Not quite; I'm imaging that the external Rust constructor for (e.g.) a variant of add returns only a ProducesFlags -- that's the fundamental thing -- and one could either use that in a with_flags or (via an automatic conversion) get a Gpr by pairing with a null ConsumesFlags. (call it something like (decl ignore_flags (ProducesFlags) Gpr) maybe?)

Some of this goes back to early ISLE design philosophy, but: my intent with the initial design was to hew as close to a "value semantics" view of the program operators and instructions as possible, because this is what enables reasoning about expression equivalence, makes verification possible, etc. From that point of view, it makes sense that some instruction that is a binary operator (i) takes two registers and (ii) returns a register, just like its CLIF cousins. The bit of lowering logic that bridges the gap is hiding the emit in the constructor and returning the value. The magic of data dependencies means that it is physically impossible to call the ctors in an order that is not a valid toposort of operations, so emitting-when-constructed is always valid.
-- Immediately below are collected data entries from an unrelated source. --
lemma omega_1_saturates:
  assumes "b - a \<le> v"
  shows "omega 1 g v a b = omega 1 g (b - a) a b"
proof -
  have "insert 0 {\<bar>Delta 1 u g a b x\<bar> | u x. 0 < u \<and> u \<le> v \<and> x \<in> {a..b}}
      = insert 0 {\<bar>Delta 1 u g a b x\<bar> | u x. 0 < u \<and> u \<le> b - a \<and> x \<in> {a..b}}" (is "?V = ?L")
  proof
    show "?L \<subseteq> ?V" using assms by force
    show "?V \<subseteq> ?L"
    proof
      fix y assume "y \<in> ?V"
      then consider "y = 0" | u x where "y = \<bar>Delta 1 u g a b x\<bar>" "0 < u" "u \<le> v" "x \<in> {a..b}"
        by blast
      then show "y \<in> ?L"
      proof cases
        case 2
        show ?thesis
        proof (cases "u \<le> b - a")
          case True
          then show ?thesis using 2 by blast
        next
          case False
          then have "Delta 1 u g a b x = 0" unfolding Delta_1 by auto
          then show ?thesis using 2 by simp
        qed
      qed simp
    qed
  qed
  then show ?thesis unfolding omega_def by simp
qed

lemma integral_inverse_square_const:
  fixes L W :: real
  assumes "0 < L"
  shows "integral {L..2 * L} (\<lambda>u. u powi (-2) * W) = W / (2 * L)"
proof -
  have "((\<lambda>u. u powi (-2) * W) has_integral (- W / (2 * L) - - W / L)) {L..2 * L}"
  proof (rule fundamental_theorem_of_calculus[where f = "\<lambda>u. - W / u"])
    fix u assume "u \<in> {L..2 * L}"
    then have "0 < u" using assms by auto
    then have "((\<lambda>u. - W / u) has_real_derivative u powi (-2) * W) (at u)"
      by (auto intro!: derivative_eq_intros simp: power_int_def power2_eq_square field_simps)
    then show "((\<lambda>u. - W / u) has_vector_derivative u powi (-2) * W) (at u within {L..2 * L})"
      by (simp add: has_real_derivative_iff_has_vector_derivative has_vector_derivative_at_within)
  qed (use assms in simp)
  then have "integral {L..2 * L} (\<lambda>u. u powi (-2) * W) = - W / (2 * L) - - W / L"
    by (rule integral_unique)
  then show ?thesis using assms by (simp add: field_simps)
qed

lemma Lambda_minimal_nodes:
  "Lambda r x (r + 1) \<phi> = integral {x (r + 1) - x 0 .. 2 * (x (r + 1) - x 0)} (\<lambda>u. u powi (-2) * \<phi> u)"
proof -
  have "(p \<le> r + 1 \<and> q \<le> r + 1 \<and> p + r + 1 \<le> q) \<longleftrightarrow> p = 0 \<and> q = r + 1" for p q :: nat
    by auto
  then have "Lambda r x (r + 1) \<phi> = Lambda_pqr 0 (r + 1) r x (r + 1) \<phi>"
    by (simp add: Lambda_def)
  moreover have "dpq x (r + 1) 0 (r + 1) = 2 * (x (r + 1) - x 0)"
    by (simp add: dpq_def yext_def)
  moreover have "int 0 + int r - int (r + 1) - 1 = -2" by simp
  ultimately show ?thesis by (simp add: Lambda_pqr_def)
qed

lemma Lambda_minimal_nodes_omega_1:
  assumes "x 0 < x (r + 1)"
  defines "L \<equiv> x (r + 1) - x 0"
  shows "Lambda r x (r + 1) (\<lambda>t. omega 1 g t (x 0) (x (r + 1))) = omega 1 g L (x 0) (x (r + 1)) / (2 * L)"
proof -
  have "Lambda r x (r + 1) (\<lambda>t. omega 1 g t (x 0) (x (r + 1)))
      = integral {L..2 * L} (\<lambda>u. u powi (-2) * omega 1 g L (x 0) (x (r + 1)))"
    unfolding Lambda_minimal_nodes L_def
  proof (intro integral_cong)
    fix u assume "u \<in> {x (r + 1) - x 0..2 * (x (r + 1) - x 0)}"
    then show "u powi (-2) * omega 1 g u (x 0) (x (r + 1))
        = u powi (-2) * omega 1 g (x (r + 1) - x 0) (x 0) (x (r + 1))"
      using omega_1_saturates[where a = "x 0" and b = "x (r + 1)" and v = u and g = g] by simp
  qed
  also have "\<dots> = omega 1 g L (x 0) (x (r + 1)) / (2 * L)"
    using integral_inverse_square_const[of L "omega 1 g L (x 0) (x (r + 1))"] assms by simp
  finally show ?thesis .
qed

lemma abs_divdiff_le_omega_1:
  assumes der: "\<forall>j<k. \<forall>t\<in>{a..b}. (D j has_real_derivative D (Suc j) t) (at t within {a..b})"
    and cont: "continuous_on {a..b} (D k)" and "a < b"
    and zs: "mset zs = add_mset a (add_mset b C)" and C: "size C = k" "set_mset C \<subseteq> {a..b}"
  shows "\<bar>divdiff D zs\<bar> \<le> omega 1 (D k) (b - a) a b / (fact k * (b - a))"
proof -
  obtain cs where cs: "mset cs = C" using ex_mset by blast
  obtain \<xi>a \<xi>b where \<xi>: "\<xi>a \<in> {a..b}" "\<xi>b \<in> {a..b}"
    and mean: "divdiff D (a # cs) = D k \<xi>a / fact k" "divdiff D (b # cs) = D k \<xi>b / fact k"
    using divdiff_mean_value[OF der, of "a # cs"] divdiff_mean_value[OF der, of "b # cs"] cs C \<open>a < b\<close>
    by (auto simp flip: size_mset set_mset_mset)
  have "divdiff D zs * (fact k * (b - a)) = D k \<xi>b - D k \<xi>a"
    using divdiff_recurrence[of "a # cs" a C "b # cs" b zs D] cs zs mean by (simp add: field_simps)
  then have "\<bar>divdiff D zs\<bar> * (fact k * (b - a)) = \<bar>D k \<xi>b - D k \<xi>a\<bar>"
    using \<open>a < b\<close> by (metis abs_mult abs_of_pos fact_gt_zero diff_gt_0_iff_gt mult_pos_pos)
  also have "\<dots> \<le> omega 1 (D k) (b - a) a b" by (rule abs_diff_le_omega_1[OF cont \<xi>])
  finally show ?thesis using \<open>a < b\<close> by (simp add: pos_le_divide_eq)
qed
We started carrying MInsts around instead when we invented the ProducesFlags/ConsumesFlags abstraction; that was the first time that we wanted to have some other way of controlling emission time, to ensure flags aren't clobbered. But we carefully wrapped the insts inside another enum and provided a combinator (with_flags) that itself hid the emission inside, so we were back to a world of value semantics with ensured ordering in the end.
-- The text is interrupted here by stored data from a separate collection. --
(* Let $k$ be a field of characteristic zero, $S=k[x,y]$, and let $I=(x^{\alpha},y^{\beta})$ and $J=(x^a,y^b)$ be ideals of $S$, where $a,b$ are positive integers, $0\le\alpha\le a$ and $0\le\beta\le b$. Then the graded $S$-module $I/J$ has the strong Lefschetz property.
   Context: $S$ is standard graded. A finite graded $S$-module $M=\bigoplus_i M_i$ has the strong Lefschetz property if there exists a linear form $\ell\in S_1$ such that the multiplication map $\times\ell^d\colon M_i\to M_{i+d}$ has maximal rank (is injective or surjective) for all $d>0$ and all $i$. *)

theory Defs
  imports "HOL-Computational_Algebra.Polynomial"
begin

text \<open>The bivariate polynomial ring S = k[x,y] is represented as ('k poly) poly:
  the outer variable is y, the inner variable is x, so the coefficient of
  x^i y^j in p is coeff (coeff p j) i.\<close>

definition var_x :: "'k::comm_ring_1 poly poly" where
  "var_x = [: [:0, 1:] :]"

definition var_y :: "'k::comm_ring_1 poly poly" where
  "var_y = [: 0, 1 :]"

definition homog :: "nat \<Rightarrow> 'k::comm_ring_1 poly poly \<Rightarrow> bool" where
  "homog d p \<longleftrightarrow> (\<forall>i j. coeff (coeff p j) i \<noteq> 0 \<longrightarrow> i + j = d)"

definition ideal2 :: "'k::comm_ring_1 poly poly \<Rightarrow> 'k poly poly \<Rightarrow> 'k poly poly set" where
  "ideal2 f g = {p * f + q * g | p q. True}"

text \<open>Strong Lefschetz property of the graded module I/J (J \<subseteq> I homogeneous ideals),
  whose degree-i component is I_i / J_i.\<close>
definition lef_inj :: "'k::comm_ring_1 poly poly set \<Rightarrow> 'k poly poly set \<Rightarrow> 'k poly poly \<Rightarrow> nat \<Rightarrow> nat \<Rightarrow> bool" where
  "lef_inj I J l d i \<longleftrightarrow> (\<forall>f\<in>I. homog i f \<longrightarrow> l ^ d * f \<in> J \<longrightarrow> f \<in> J)"

definition lef_surj :: "'k::comm_ring_1 poly poly set \<Rightarrow> 'k poly poly set \<Rightarrow> 'k poly poly \<Rightarrow> nat \<Rightarrow> nat \<Rightarrow> bool" where
  "lef_surj I J l d i \<longleftrightarrow>
     (\<forall>g\<in>I. homog (i + d) g \<longrightarrow> (\<exists>f\<in>I. homog i f \<and> g - l ^ d * f \<in> J))"

definition quot_has_SLP :: "'k::comm_ring_1 poly poly set \<Rightarrow> 'k poly poly set \<Rightarrow> bool" where
  "quot_has_SLP I J \<longleftrightarrow>
     (\<exists>l. homog 1 l \<and> (\<forall>d>0. \<forall>i. lef_inj I J l d i \<or> lef_surj I J l d i))"

end

theory Submission
  imports Defs "Jordan_Normal_Form.Determinant"
begin

text \<open>The monomials x^i y^(n-i) that lie in I = (x^\<alpha>, y^\<beta>) but not in J = (x^a, y^b) form a
  basis of the degree n part of I/J; let X_n be the set of their exponents i. Multiplication by
  l^d, l = x + y, sends x^s y^(n-s) to the sum of C(d, i-s) x^i y^(n+d-i), so in these bases it is
  the matrix (C(d, i-s)) with rows i in X_(n+d) and columns s in X_n. Each X_n is an interval with
  at most one gap, and comparing X_n with X_(n+d) yields an increasing injection of one into the
  other that moves every element by at most d. The square submatrix it selects has rows
  p_1 < ... < p_m and columns s_1 < ... < s_m with s_k <= p_k <= s_k + d, and its determinant is
  a positive integer: by Pascal's rule it is a sum of such minors of order d - 1, all of which
  are nonnegative. So in characteristic zero multiplication by l^d has maximal rank.\<close>

text \<open>Shift the elements below \<alpha> by the growth c_1 of the lower end and the others by the
  growth c_2 of the upper end; if this is not an increasing map into Y, the reverse shift maps
  Y increasingly into X.\<close>

lemma interval_with_gap_matching:
  fixes L U c\<^sub>1 c\<^sub>2 d \<alpha> \<beta> n :: nat
  defines "X \<equiv> {i. L \<le> i \<and> i < U \<and> (\<alpha> \<le> i \<or> i + \<beta> \<le> n)}"
    and "Y \<equiv> {i. L + c\<^sub>1 \<le> i \<and> i < U + c\<^sub>2 \<and> (\<alpha> \<le> i \<or> i + \<beta> \<le> n + d)}"
  assumes "c\<^sub>1 \<le> d" and "c\<^sub>2 \<le> d"
  shows "(\<exists>\<phi>. strict_mono_on X \<phi> \<and> \<phi> ` X \<subseteq> Y \<and> (\<forall>x\<in>X. x \<le> \<phi> x \<and> \<phi> x \<le> x + d))
       \<or> (\<exists>\<psi>. strict_mono_on Y \<psi> \<and> \<psi> ` Y \<subseteq> X \<and> (\<forall>y\<in>Y. \<psi> y \<le> y \<and> y \<le> \<psi> y + d))"
proof -
  define \<phi> where "\<phi> x = (if x < \<alpha> then x + c\<^sub>1 else x + c\<^sub>2)" for x
  define \<psi> where "\<psi> y = (if \<alpha> + c\<^sub>2 \<le> y then y - c\<^sub>2 else y - c\<^sub>1)" for y
  have X: "x \<in> X \<longleftrightarrow> L \<le> x \<and> x < U \<and> (\<alpha> \<le> x \<or> x + \<beta> \<le> n)" for x
    by (simp add: X_def)
  have Y: "y \<in> Y \<longleftrightarrow> L + c\<^sub>1 \<le> y \<and> y < U + c\<^sub>2 \<and> (\<alpha> \<le> y \<or> y + \<beta> \<le> n + d)" for y
    by (simp add: Y_def)
  have \<phi>_bounds: "\<forall>x\<in>X. x \<le> \<phi> x \<and> \<phi> x \<le> x + d"
    using assms(3,4) by (simp add: \<phi>_def)
  have \<psi>_bounds: "\<forall>y\<in>Y. \<psi> y \<le> y \<and> y \<le> \<psi> y + d"
    using assms(3,4) by (auto simp: \<psi>_def Y)
  have \<psi>_good: "strict_mono_on Y \<psi> \<and> \<psi> ` Y \<subseteq> X"
    if "x \<in> X" and "x' \<in> X" and "\<phi> x \<notin> Y \<or> (x < x' \<and> \<phi> x' \<le> \<phi> x)" for x x'
  proof (intro conjI strict_mono_onI image_subsetI)
    show "\<psi> y < \<psi> y'" if "y \<in> Y" "y' \<in> Y" "y < y'" for y y'
      using \<open>\<phi> x \<notin> Y \<or> (x < x' \<and> \<phi> x' \<le> \<phi> x)\<close>
    proof
      assume "\<phi> x \<notin> Y"
      with that \<open>x \<in> X\<close> assms(3,4) show ?thesis
        unfolding \<psi>_def \<phi>_def X Y by (auto split: if_splits)
    next
      assume "x < x' \<and> \<phi> x' \<le> \<phi> x"
      with that \<open>x \<in> X\<close> \<open>x' \<in> X\<close> assms(3,4) show ?thesis
        unfolding \<psi>_def \<phi>_def X Y by (auto split: if_splits)
    qed
    show "\<psi> y \<in> X" if "y \<in> Y" for y
      using \<open>\<phi> x \<notin> Y \<or> (x < x' \<and> \<phi> x' \<le> \<phi> x)\<close>
    proof
      assume "\<phi> x \<notin> Y"
      with that \<open>x \<in> X\<close> assms(3,4) show ?thesis
        unfolding \<psi>_def \<phi>_def X Y by (auto split: if_splits)
    next
      assume "x < x' \<and> \<phi> x' \<le> \<phi> x"
      with that \<open>x \<in> X\<close> \<open>x' \<in> X\<close> assms(3,4) show ?thesis
        unfolding \<psi>_def \<phi>_def X Y by (auto split: if_splits)
    qed
  qed
  show ?thesis
  proof (cases "strict_mono_on X \<phi> \<and> \<phi> ` X \<subseteq> Y")
    case True
    with \<phi>_bounds show ?thesis by blast
  next
    case False
    then obtain x x' where "x \<in> X" "x' \<in> X" "\<phi> x \<notin> Y \<or> (x < x' \<and> \<phi> x' \<le> \<phi> x)"
      unfolding strict_mono_on_def by (auto simp: not_less)
    with \<psi>_good \<psi>_bounds show ?thesis by blast
  qed
qed

definition coeff_xy :: "'k::comm_ring_1 poly poly \<Rightarrow> nat \<Rightarrow> nat \<Rightarrow> 'k" where
  "coeff_xy f i j = coeff (coeff f j) i"

lemma poly_poly_eqI: "(\<And>i j. coeff_xy f i j = coeff_xy g i j) \<Longrightarrow> f = g"
  unfolding coeff_xy_def by (intro poly_eqI) blast

lemma coeff_xy_add [simp]: "coeff_xy (f + g) i j = coeff_xy f i j + coeff_xy g i j"
  and coeff_xy_diff [simp]: "coeff_xy (f - g) i j = coeff_xy f i j - coeff_xy g i j"
  and coeff_xy_sum: "coeff_xy (\<Sum>x\<in>A. F x) i j = (\<Sum>x\<in>A. coeff_xy (F x) i j)"
  and coeff_xy_monom [simp]: "coeff_xy (monom (monom c k) l) i j = (if i = k \<and> j = l then c else 0)"
  by (auto simp: coeff_xy_def coeff_sum)

lemma var_y_power: "var_y ^ k = monom 1 k"
  by (simp add: var_y_def monom_altdef)

lemma var_x_power: "var_x ^ k = monom (monom 1 k) 0"
proof -
  have var_x: "var_x = monom (monom 1 1) 0"
    by (simp add: var_x_def monom_0 monom_Suc)
  show ?thesis
    unfolding var_x monom_power by simp
qed

lemma coeff_xy_var_x_power_mult:
  "coeff_xy (var_x ^ k * f) i j = (if k \<le> i then coeff_xy f (i - k) j else 0)"
  by (simp add: coeff_xy_def var_x_power monom_0 coeff_monom_mult)

lemma coeff_xy_var_y_power_mult:
  "coeff_xy (var_y ^ k * f) i j = (if k \<le> j then coeff_xy f i (j - k) else 0)"
  by (simp add: coeff_xy_def var_y_power coeff_monom_mult)

lemma poly_poly_as_sum_of_monoms:
  "(\<Sum>j\<le>degree f. \<Sum>i\<le>degree (coeff f j). monom (monom (coeff_xy f i j) i) j) = f"
proof -
  have "(\<Sum>i\<le>degree (coeff f j). monom (monom (coeff_xy f i j) i) j) = monom (coeff f j) j" for j
    by (simp add: coeff_xy_def poly_as_sum_of_monoms flip: monom_sum)
  then show ?thesis by (simp add: poly_as_sum_of_monoms)
qed

lemma ideal2_generators: "r * f \<in> ideal2 f g" "r * g \<in> ideal2 f g"
proof -
  have "r * f = r * f + 0 * g" and "r * g = 0 * f + r * g"
    by simp_all
  then show "r * f \<in> ideal2 f g" "r * g \<in> ideal2 f g"
    unfolding ideal2_def by blast+
qed

lemma ideal2_add:
  assumes "u \<in> ideal2 f g" and "v \<in> ideal2 f g"
  shows "u + v \<in> ideal2 f g"
proof -
  from assms obtain p q p' q' where "u = p * f + q * g" and "v = p' * f + q' * g"
    unfolding ideal2_def by blast
  then have "u + v = (p + p') * f + (q + q') * g"
    by (simp add: algebra_simps)
  then show ?thesis unfolding ideal2_def by blast
qed

lemma ideal2_mult_left:
  assumes "u \<in> ideal2 f g"
  shows "r * u \<in> ideal2 f g"
proof -
  from assms obtain p q where "u = p * f + q * g"
    unfolding ideal2_def by blast
  then have "r * u = (r * p) * f + (r * q) * g"
    by (simp add: algebra_simps)
  then show ?thesis unfolding ideal2_def by blast
qed

lemma ideal2_diff: "u \<in> ideal2 f g \<Longrightarrow> v \<in> ideal2 f g \<Longrightarrow> u - v \<in> ideal2 f g"
  using ideal2_add[of u f g "(- 1) * v"] ideal2_mult_left[of v f g "- 1"] by simp

lemma ideal2_sum:
  "(\<And>x. x \<in> A \<Longrightarrow> F x \<in> ideal2 f g) \<Longrightarrow> (\<Sum>x\<in>A. F x) \<in> ideal2 f g"
proof (induction A rule: infinite_finite_induct)
  case (insert x A)
  then show ?case by (simp add: ideal2_add)
qed (use ideal2_generators(1)[of 0] in simp_all)

abbreviation xy_ideal :: "nat \<Rightarrow> nat \<Rightarrow> 'k::comm_ring_1 poly poly set" where
  "xy_ideal A B \<equiv> ideal2 (var_x ^ A) (var_y ^ B)"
This is part of the reason I'm not so sure that "return the MInst" is more fundamental: it's exposing more of the mechanism, certainly, but it's moving to a world where one has access to sharp tools that can be combined in the wrong way (emitting out of order), and where one has more pieces that one has to put together, more complex overall.

So if possible I'd prefer to bias us back toward implicit emission everywhere, and I do think it's possible here, as described above -- the fact that the instruction produces flags is fundamental, so that one is the one that we define; and an implicit converter can throw away the flags if we don't care. Thoughts?